No sé si es una coincidencia que hayan otorgado el Premio Príncipe de Asturias de Comunicación y Humanidades a Zygmun Bauman justo cuando Shlomo Venezia está presentando por España su libro titulado Sonderkommando. Sospecho que sí, que es una coincidencia.

Shlomo Venezia fue internado en el campo de concentración de Auschwitz y allí se le puso a trabajar en los hornos crematorios: eso era un Sonderkommando. Además de los horrores que cuenta Shlomo Venezia en las entrevistas que está concediendo (dejo abajo el vídeo de la que le hizo Gabilondo) hay un aspecto que resulta llamativo: no vivía lo que estaba haciendo como un horror insoportable. “La cabeza no era más la nuestra. Lo que teníamos ahí dentro no sé ni yo cómo explicarlo. Porque eras como un autómata.

Zygmunt Bauman escribió un ensayo muy inquietante, Modernidad y Holocausto. En él explica el Holocausto no como una excepción propia de una locura colectiva, sino como una consecuencia natural de un modelo social que inhibe los mecanismos por los que uno se debería sentir responsable de aquello a lo que contribuye. El Holocausto sería, de alguna forma, hijo de la cadena de montaje. Ningún obrero de una fábrica de coches se siente el autor del coche. Uno pone una puerta y otra puerta y otra puerta. Otro ajusta una biela y otra biela y otra biela. Al final del proceso hay un coche, pero ninguna de las personas que ha participado en ese proceso son responsables de ese coche, sino que es más bien el proceso lo que causa el coche. Tampoco nadie se sentía responsable del Holocausto. Cada uno hacía sólo su trabajo concreto que no era la causa del horror, sino que éste aparecía como resultado natural de un proceso que sucedía.

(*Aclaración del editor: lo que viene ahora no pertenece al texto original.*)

(* Let $\psi\in\mathcal W^-$, let $Y$ be a compact topological space, and let $f_k,f$ be continuous functions on $Y$ with $f_k\to f$ uniformly. Let $\mu_k,\mu$ be Borel measures on $Y$ of finite mass with $\mu_k\to\mu$ weakly. Then $\int_Y\psi(cf_k)\,d\mu_k\to\int_Y\psi(cf)\,d\mu$ for every $c\in[0,\infty)$, and $\|f_k\|_{\psi,\mu_k}\to\|f\|_{\psi,\mu}$.
   Context: $\mathcal W^-$: functions $\psi:[-\infty,\infty]\to[0,\infty]$, even, continuous on $\mathbb R$, $\psi(0)=0$, $\psi(\pm\infty)=\infty$, smooth, concave, strictly increasing on $(0,\infty)$. For a finite measure $\nu$ and measurable $g$, $\|g\|_{\psi,\nu}=\inf\{N>0:\int_Y\psi(g/N)\,d\nu\le1\}$. *)

theory Defs
  imports "HOL-Analysis.Analysis"
begin

definition smooth_on :: "real set \<Rightarrow> (real \<Rightarrow> real) \<Rightarrow> bool" where
  "smooth_on S g \<longleftrightarrow> (\<forall>n. \<forall>x\<in>S. ((deriv ^^ n) g) differentiable (at x))"

text \<open>The class W^-; psi is recorded by its restriction to the reals, with
  psi(+-infinity) = infinity expressed as psi x tending to infinity as x tends to infinity.\<close>
definition W_minus :: "(real \<Rightarrow> real) \<Rightarrow> bool" where
  "W_minus \<psi> \<longleftrightarrow>
     (\<forall>x. 0 \<le> \<psi> x) \<and> (\<forall>x. \<psi> (- x) = \<psi> x) \<and> continuous_on UNIV \<psi> \<and> \<psi> 0 = 0 \<and>
     filterlim \<psi> at_top at_top \<and>
     smooth_on {0<..} \<psi> \<and> concave_on {0<..} \<psi> \<and> strict_mono_on {0<..} \<psi>"

definition psi_norm :: "(real \<Rightarrow> real) \<Rightarrow> 'a measure \<Rightarrow> ('a \<Rightarrow> real) \<Rightarrow> real" where
  "psi_norm \<psi> \<nu> g = Inf {N::real. 0 < N \<and> (\<integral>\<^sup>+ y. ennreal (\<psi> (g y / N)) \<partial>\<nu>) \<le> 1}"

definition weak_conv_meas :: "(nat \<Rightarrow> 'a::topological_space measure) \<Rightarrow> 'a measure \<Rightarrow> bool" where
  "weak_conv_meas \<mu>s \<mu> \<longleftrightarrow>
     (\<forall>g::'a \<Rightarrow> real. continuous_on UNIV g \<longrightarrow>
        (\<lambda>k. \<integral>y. g y \<partial>(\<mu>s k)) \<longlonglongrightarrow> (\<integral>y. g y \<partial>\<mu>))"

end

theory Submission
  imports Defs
begin
lemma lam_ext_occurrence:
  assumes occ: "occurrence \<pi> \<tau> \<nu>" and \<tau>: "\<tau> \<in> perms k" and b: "b \<in> {1..k}"
  shows "lam_ext \<pi> k \<nu> b = \<pi> ! (\<nu> (Suc (idx \<tau> b)) - 1)"
proof -
  define g where "g c = \<pi> ! (\<nu> (Suc (idx \<tau> c)) - 1)" for c
  have len: "length \<tau> = k" and dist: "distinct \<tau>" and set\<tau>: "set \<tau> = {1..k}"
    using \<tau> perms_length perms_iff by auto
  have pos: "Suc (idx \<tau> c) \<in> {1..k} \<and> \<tau> ! idx \<tau> c = c" if "c \<in> {1..k}" for c
    using idx_in[of c \<tau>] that len set\<tau> by auto
  have g_less: "g c < g d" if "c \<in> {1..k}" "d \<in> {1..k}" "c < d" for c d
    using occ pos[OF that(1)] pos[OF that(2)] that(3) len unfolding occurrence_def g_def by auto
  have "{\<pi> ! (\<nu> a - 1) | a. a \<in> {1..k}} = g ` {1..k}"
  proof (intro set_eqI iffI)
    fix y assume "y \<in> {\<pi> ! (\<nu> a - 1) | a. a \<in> {1..k}}"
    then obtain a where a: "a \<in> {1..k}" "y = \<pi> ! (\<nu> a - 1)" by auto
    then have "\<tau> ! (a - 1) \<in> {1..k}" "Suc (idx \<tau> (\<tau> ! (a - 1))) = a"
      using nth_mem[of "a - 1" \<tau>] idx_nth[OF dist, of "a - 1"] len set\<tau> by auto
    then show "y \<in> g ` {1..k}" using a unfolding g_def by force
  qed (use pos g_def in fastforce)
  also have "\<dots> = set (map g [1..<Suc k])" by auto
  finally have "sorted_list_of_set {\<pi> ! (\<nu> a - 1) | a. a \<in> {1..k}} = map g [1..<Suc k]"
  proof (intro strict_sorted_equal)
    show "sorted_wrt (<) (map g [1..<Suc k])"
      unfolding sorted_wrt_map by (rule sorted_wrt_mono_rel[OF _ sorted_wrt_upt]) (use g_less in auto)
  qed auto
  moreover have "map g [1..<Suc k] ! (b - 1) = g b"
    using b by (auto simp del: upt_Suc)
  ultimately show ?thesis
    using b unfolding lam_ext_def g_def by simp
qed

text \<open>Below, p is the 0-based position of k in \<tau>, i.e. the paper's i - 1, so k sits at the
  1-based position Suc p of an occurrence and the box to be added is (p, k).\<close>

context
  fixes \<pi> \<tau> :: "nat list" and \<nu> :: "nat \<Rightarrow> nat" and n k p :: nat
  assumes \<pi>: "\<pi> \<in> perms n" and \<tau>: "\<tau> \<in> perms k" and occ: "occurrence \<pi> \<tau> \<nu>"
    and max_pos: "p < k" "\<tau> ! p = k"
begin

abbreviation (input) val :: "nat \<Rightarrow> nat" where
  "val j \<equiv> \<pi> ! (j - 1)"

private lemma len: "length \<pi> = n" "length \<tau> = k"
  using \<pi> \<tau> by (simp_all add: perms_length)

private lemma nu_bounds: "a \<in> {1..k} \<Longrightarrow> 1 \<le> \<nu> a \<and> \<nu> a \<le> n"
  using occ len unfolding occurrence_def by auto

private lemma nu_less: "a \<in> {1..k} \<Longrightarrow> b \<in> {1..k} \<Longrightarrow> a < b \<Longrightarrow> \<nu> a < \<nu> b"
  using occ len unfolding occurrence_def by auto

private lemma val_nu_less_iff:
  "a \<in> {1..k} \<Longrightarrow> b \<in> {1..k} \<Longrightarrow> val (\<nu> a) < val (\<nu> b) \<longleftrightarrow> \<tau> ! (a - 1) < \<tau> ! (b - 1)"
  using occ len unfolding occurrence_def by auto

private lemma val_inj:
  assumes "j \<in> {1..n}" "j' \<in> {1..n}" "val j = val j'"
  shows "j = j'"
proof -
  have "j - 1 = j' - 1"
    using assms \<pi> len nth_eq_iff_index_eq[of \<pi> "j - 1" "j' - 1"] unfolding perms_iff by force
  then show ?thesis using assms by auto
qed

private lemma max_pos_in: "Suc p \<in> {1..k}"
  using max_pos by auto
lemma inv_gens_eq_lattice_basis: "inv_gens p 1 (- int n) = lattice_basis"
proof (rule inv_gens_eqI)
  fix g assume "g \<in> lattice_basis"
  then show "nonconst_mon g \<and> invariant_mon p 1 (- int n) g"
    using lattice_basis_cong[of g] factors_less center_bounds
    unfolding lattice_basis_def nonconst_mon_def by (auto simp: invariant_mon_one_neg_iff)
next
  fix x assume "nonconst_mon x" and "invariant_mon p 1 (- int n) x"
  then show "\<exists>g\<in>lattice_basis. fst g \<le> fst x \<and> snd g \<le> snd x"
    using lattice_cover[of "fst x" "snd x"]
    by (simp add: nonconst_mon_def invariant_mon_one_neg_iff)
qed (rule lattice_basis_antichain)

end

theorem proposition1p3:
  fixes p :: nat and a b :: int
  assumes "prime p" and "0 < a" and "a < int p" and "0 < b" and "b < int p"
    and "(int p - (inv_mod (int p) a * b) mod int p) *
         (int p - (a * inv_mod (int p) b) mod int p) = 2 * int p + 1"
  shows "card (inv_gens p a b) = 5"
proof -
  define n where "n = nat (int p - (inv_mod (int p) a * b) mod int p)"
  define m where "m = nat (int p - (a * inv_mod (int p) b) mod int p)"
  \<comment> \<open>Only n m = 2p + 1 and n, m \<le> p are used below.\<close>
  have "0 < p" using assms(1) prime_gt_0_nat by blast
  then have n: "int n = int p - (inv_mod (int p) a * b) mod int p"
    and m: "int m = int p - (a * inv_mod (int p) b) mod int p"
    unfolding n_def m_def by (simp_all add: less_imp_le)
  have "int (n * m) = int (2 * p + 1)" using assms(6) unfolding n [symmetric] m [symmetric] by simp
  then have factorization: "n * m = 2 * p + 1" by (simp only: of_nat_eq_iff)
  have bounds: "n \<le> p" "m \<le> p"
    using n m pos_mod_sign[of "int p" "inv_mod (int p) a * b"]
      pos_mod_sign[of "int p" "a * inv_mod (int p) b"] \<open>0 < p\<close> by linarith+
  have "\<not> int p dvd a" using assms(2,3) zdvd_imp_le by fastforce
  then have "coprime a (int p)"
    using prime_imp_coprime[of "int p" a] assms(1) by (simp add: coprime_commute)
  then have "inv_gens p a b = inv_gens p 1 (- int n)"
    using invariant_mon_normal_form[of p a b] prime_gt_1_nat[OF assms(1)]
    unfolding inv_gens_def n by simp
  also have "\<dots> = lattice_basis p n m"
    by (rule inv_gens_eq_lattice_basis[OF factorization bounds])
  finally show ?thesis using card_lattice_basis[OF factorization bounds] by simp
qed

end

Shlomo Venezia no sentía el horror cuando trabajaba como un autómata en los hornos crematorios, sino cuando pudo alejarse y ver no sólo lo que él hacía sino el proceso entero en el que él estaba inserto. No se le puede culpar de haber participado en algo cuya alternativa era la muerte: lo que llama la atención es que él no dice que eligiera horrorizado la supervivencia, sino que su cerebro no funcionaba, que se insertaba como una máquina en el proceso de producción de muerte. Algo que seguramente nos hubiera pasado a todos.

El Holocausto, como todos los crímenes amparados colectivamente que se siguen cometiendo, son hijos de la disolución de la responsabilidad ciudadana. Como si no respondiéramos como ciudadanos más que de aquello que hacemos y no de aquello en lo que participamos; como si las acciones colectivas estuvieran ahí sin que exista posibilidad de revertirlas o, al menos, rechazar la participación en ellas. Podemos incluso votar a un conocido ladrón sin sentirnos responsables de sus robos. El mecanismo social por el que asumimos que podemos no meternos en política, que en lo colectivo podemos ser meros autómatas está funcionando. El horror consiste en que siempre es apabullantemente mayoritario el colaboracionismo y que éste ni siquiera provoca ardor de estómago: como autómatas.